1
votes

I have created a sample application using glew and glut which reads a dds file and displays it. I manually read the dds file (NPOT(886 x 317) file in R8G8B8) and creates the data pointer(unsigned char*).

Then I prepared the texture using

void prepareTexture(int w, int h, unsigned char* data) {

    /* Create and load texture to OpenGL */
    glGenTextures(1, &textureID); /* Texture name generation */
    glBindTexture(GL_TEXTURE_2D, textureID); 
    glTexImage2D(GL_TEXTURE_2D, 0, GL_RGB, 
                w, h, 
                0, GL_RGB, GL_UNSIGNED_BYTE,
                data); 
    glGenerateMipmap(GL_TEXTURE_2D);
}

enter image description here

In the above figure, First one shows the original dds file and second one is the rendering result of my application which is obviously wrong.

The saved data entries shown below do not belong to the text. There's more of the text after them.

lemma perturbed_halpern_convergent:
  assumes x: "\<And>n. x (Suc n) = (1 - \<beta> (Suc n)) *\<^sub>R x0 + \<beta> (Suc n) *\<^sub>R (T (x n) + u (Suc n))"
    and u: "summable (\<lambda>n. N (u (Suc n)))"
  obtains q where "T q = q" "(\<lambda>n. N (x n - q)) \<longlonglongrightarrow> 0"
proof -
  obtain q where q: "T q = q" "(\<lambda>n. N (y n - q)) \<longlonglongrightarrow> 0"
    using halpern_convergent by blast
  have "(\<lambda>n. N (x n - y n) + N (y n - q)) \<longlonglongrightarrow> 0 + 0"
    by (intro tendsto_add perturbed_halpern_tendsto[OF x u] q(2))
  then have lim: "(\<lambda>n. N (x n - y n) + N (y n - q)) \<longlonglongrightarrow> 0"
    by simp
  have "(\<lambda>n. N (x n - q)) \<longlonglongrightarrow> 0"
    by (rule Lim_null_comparison[OF always_eventually lim]) (simp add: nonneg triangle_diff)
  with q(1) that show ?thesis
    by blast
qed

end

section \<open>The stochastic iteration\<close>

lemma AE_summable_if_summable_integrals:
  fixes f :: "nat \<Rightarrow> 'a \<Rightarrow> real"
  assumes int: "\<And>n. integrable M (f n)" and nonneg: "\<And>n \<omega>. 0 \<le> f n \<omega>"
    and summable: "summable (\<lambda>n. \<integral>\<omega>. f n \<omega> \<partial>M)"
  shows "AE \<omega> in M. summable (\<lambda>n. f n \<omega>)"
proof -
  have meas: "(\<lambda>\<omega>. ennreal (f n \<omega>)) \<in> borel_measurable M" for n
    using borel_measurable_integrable[OF int] by simp
  have "(\<integral>\<^sup>+ \<omega>. (\<Sum>n. ennreal (f n \<omega>)) \<partial>M) = (\<Sum>n. \<integral>\<^sup>+ \<omega>. ennreal (f n \<omega>) \<partial>M)"
    by (rule nn_integral_suminf[OF meas])
  also have "\<dots> = (\<Sum>n. ennreal (\<integral>\<omega>. f n \<omega> \<partial>M))"
    using nn_integral_eq_integral[OF int] nonneg by simp
  also have "\<dots> = ennreal (\<Sum>n. \<integral>\<omega>. f n \<omega> \<partial>M)"
    using nonneg by (intro suminf_ennreal2 summable integral_nonneg_AE) simp_all
  finally have "(\<integral>\<^sup>+ \<omega>. (\<Sum>n. ennreal (f n \<omega>)) \<partial>M) \<noteq> \<infinity>"
    by simp
  then have "AE \<omega> in M. (\<Sum>n. ennreal (f n \<omega>)) \<noteq> \<infinity>"
    by (intro nn_integral_PInf_AE borel_measurable_suminf_order meas)
  then show ?thesis
    by eventually_elim (simp add: nonneg summable_suminf_not_top)
qed

lemma halpern_iteration_if_monotone:
  assumes "is_norm N" "nonexpansive_wrt N T" "\<exists>p. T p = p"
    and "\<forall>n\<ge>1. 0 < \<beta> n \<and> \<beta> n < 1" "\<forall>n\<ge>1. \<beta> n \<le> \<beta> (Suc n)" "\<beta> \<longlonglongrightarrow> 1"
    and "\<not> summable (\<lambda>j. 1 - \<beta> (Suc j))" "summable (\<lambda>j. \<beta> (Suc j) - \<beta> j)"
  shows "halpern_iteration N T \<beta>"
proof
  show "0 \<le> \<beta> (Suc n)" "\<beta> (Suc n) \<le> 1" for n
    using assms(4) by (auto simp: less_imp_le)
  show "(\<lambda>n. \<beta> (Suc n)) \<longlonglongrightarrow> 1"
    using assms(6) by (rule LIMSEQ_Suc)
  have "summable (\<lambda>n. \<beta> (Suc (Suc n)) - \<beta> (Suc n))"
    using assms(8) by (subst summable_Suc_iff)
  then show "summable (\<lambda>n. \<bar>\<beta> (Suc (Suc n)) - \<beta> (Suc n)\<bar>)"
    using assms(5) by simp
qed (use assms in simp_all)

theorem theorem3:
  fixes N :: "real ^ 'd \<Rightarrow> real"
    and T :: "real ^ 'd \<Rightarrow> real ^ 'd"
    and \<beta> :: "nat \<Rightarrow> real"
    and M :: "'a measure"
    and U :: "nat \<Rightarrow> 'a \<Rightarrow> real ^ 'd"
    and X :: "nat \<Rightarrow> 'a \<Rightarrow> real ^ 'd"
    and x0 :: "real ^ 'd"
  assumes "is_norm N"
    and "nonexpansive_wrt N T"
    and "\<exists>p. T p = p"
    and "\<beta> 0 = 0"
    and "\<forall>n\<ge>1. 0 < \<beta> n \<and> \<beta> n < 1"
    and "\<forall>n\<ge>1. \<beta> n \<le> \<beta> (Suc n)"
    and "\<beta> \<longlonglongrightarrow> 1"
    and "\<not> summable (\<lambda>j. 1 - \<beta> (Suc j))"
    and "summable (\<lambda>j. \<beta> (Suc j) - \<beta> j)"
    and "prob_space M"
    and "\<forall>n\<ge>1. integrable M (U n)"
    and "\<forall>n\<ge>1. integrable M (\<lambda>\<omega>. N (U n \<omega>))"
    and "\<forall>n\<ge>1. (\<integral>\<omega>. U n \<omega> \<partial>M) = 0"
    and "summable (\<lambda>n. \<integral>\<omega>. N (U (Suc n) \<omega>) \<partial>M)"
    and "\<forall>\<omega>. X 0 \<omega> = x0"
    and "\<forall>n \<omega>. X (Suc n) \<omega> =
           (1 - \<beta> (Suc n)) *\<^sub>R x0 + \<beta> (Suc n) *\<^sub>R (T (X n \<omega>) + U (Suc n) \<omega>)"
  shows "(AE \<omega> in M.
            ((\<lambda>n. N (X n \<omega> - T (X n \<omega>))) \<longlonglongrightarrow> 0) \<and>
            (\<forall>p. (\<exists>r. strict_mono r \<and> ((\<lambda>n. N (X (r n) \<omega> - p)) \<longlonglongrightarrow> 0)) \<longrightarrow> T p = p))
         \<and> (smooth_norm N \<longrightarrow>
            (AE \<omega> in M. \<exists>xs. T xs = xs \<and> ((\<lambda>n. N (X n \<omega> - xs)) \<longlonglongrightarrow> 0)))"
proof -
  interpret halpern_iteration N T \<beta> x0
    by (rule halpern_iteration_if_monotone) (use assms in simp_all)
  have X: "\<And>n. X (Suc n) \<omega> = (1 - \<beta> (Suc n)) *\<^sub>R x0 + \<beta> (Suc n) *\<^sub>R (T (X n \<omega>) + U (Suc n) \<omega>)" for \<omega>
    using assms(16) by blast
  have summable_noise: "AE \<omega> in M. summable (\<lambda>n. N (U (Suc n) \<omega>))"
    using assms(12,14) by (intro AE_summable_if_summable_integrals) (simp_all add: nonneg)
  then have "AE \<omega> in M. ((\<lambda>n. N (X n \<omega> - T (X n \<omega>))) \<longlonglongrightarrow> 0) \<and>
      (\<forall>p. (\<exists>r. strict_mono r \<and> ((\<lambda>n. N (X (r n) \<omega> - p)) \<longlonglongrightarrow> 0)) \<longrightarrow> T p = p)"
  proof eventually_elim
    case (elim \<omega>)
    show ?case
      using perturbed_halpern_asymptotically_regular[OF X elim] perturbed_halpern_limit_point_fixed[OF X elim]
      by blast
  qed
  moreover have "AE \<omega> in M. \<exists>xs. T xs = xs \<and> ((\<lambda>n. N (X n \<omega> - xs)) \<longlonglongrightarrow> 0)"
    if "smooth_norm N"
  proof -
    interpret smooth_halpern_iteration N T \<beta> x0
      by unfold_locales (rule that)
    from summable_noise show ?thesis
    proof eventually_elim
      case (elim \<omega>)
      show ?case
        using perturbed_halpern_convergent[OF X elim] by blast
    qed
  qed
  ultimately show ?thesis
    by blast
qed

end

If I re-size the image to 1024 x 512, both images will look same.

From the OpenGL Specification

I.3 Non-Power-Of-Two Textures

The restriction of textures to power-of-two dimensions has been relaxed for all texture targets, so that non-power-of-two textures may be specified without generating errors. Non-power-of-two textures was promoted from the ARB texture non power of two extension.

From which what I understand is from OpenGl 2.0 we can use NPOT textures and OpenGL will handle this.

I tried using the DevIL image library to load the dds file but end up with same result. If I convert the image to a RGBA and and change the internal format and format of glTexImage2D to GL_RGBA I will get correct result even if the dds file is NPOT.

glTexImage2D(GL_TEXTURE_2D, 0, GL_RGBA, 
                w, h, 
                0, GL_RGBA, GL_UNSIGNED_BYTE,
                data);

I tried the application in PC's with NVIDA card and Radeon card and both of them are giving the same result.

My sample source code can be downloaded from the link

Can anybody tell me what is wrong with my application? Or OpenGL does not allow NPOT if the image is in R8G8B8.

1

1 Answers

8
votes

This looks like an alignment issue. Add this before the glTexImage2D() call:

glPixelStorei(GL_UNPACK_ALIGNMENT, 1);

This value specifies the row alignment of your data in bytes. The default value is 4.

With your texture width of 886 and 3 bytes per pixel for GL_RGB, each row is 886 * 3 = 2658 bytes, which is not a multiple of 4.

With the UNPACK_ALIGNMENT value at the default, the size would be rounded up to the next multiple of 4, which is 2660. So 2660 bytes will be read for each row, which explains the increasing shift for each row. The first row would be correct, the second one 2 bytes off, the 2nd row 4 bytes off, the 3rd row 6 bytes off, etc.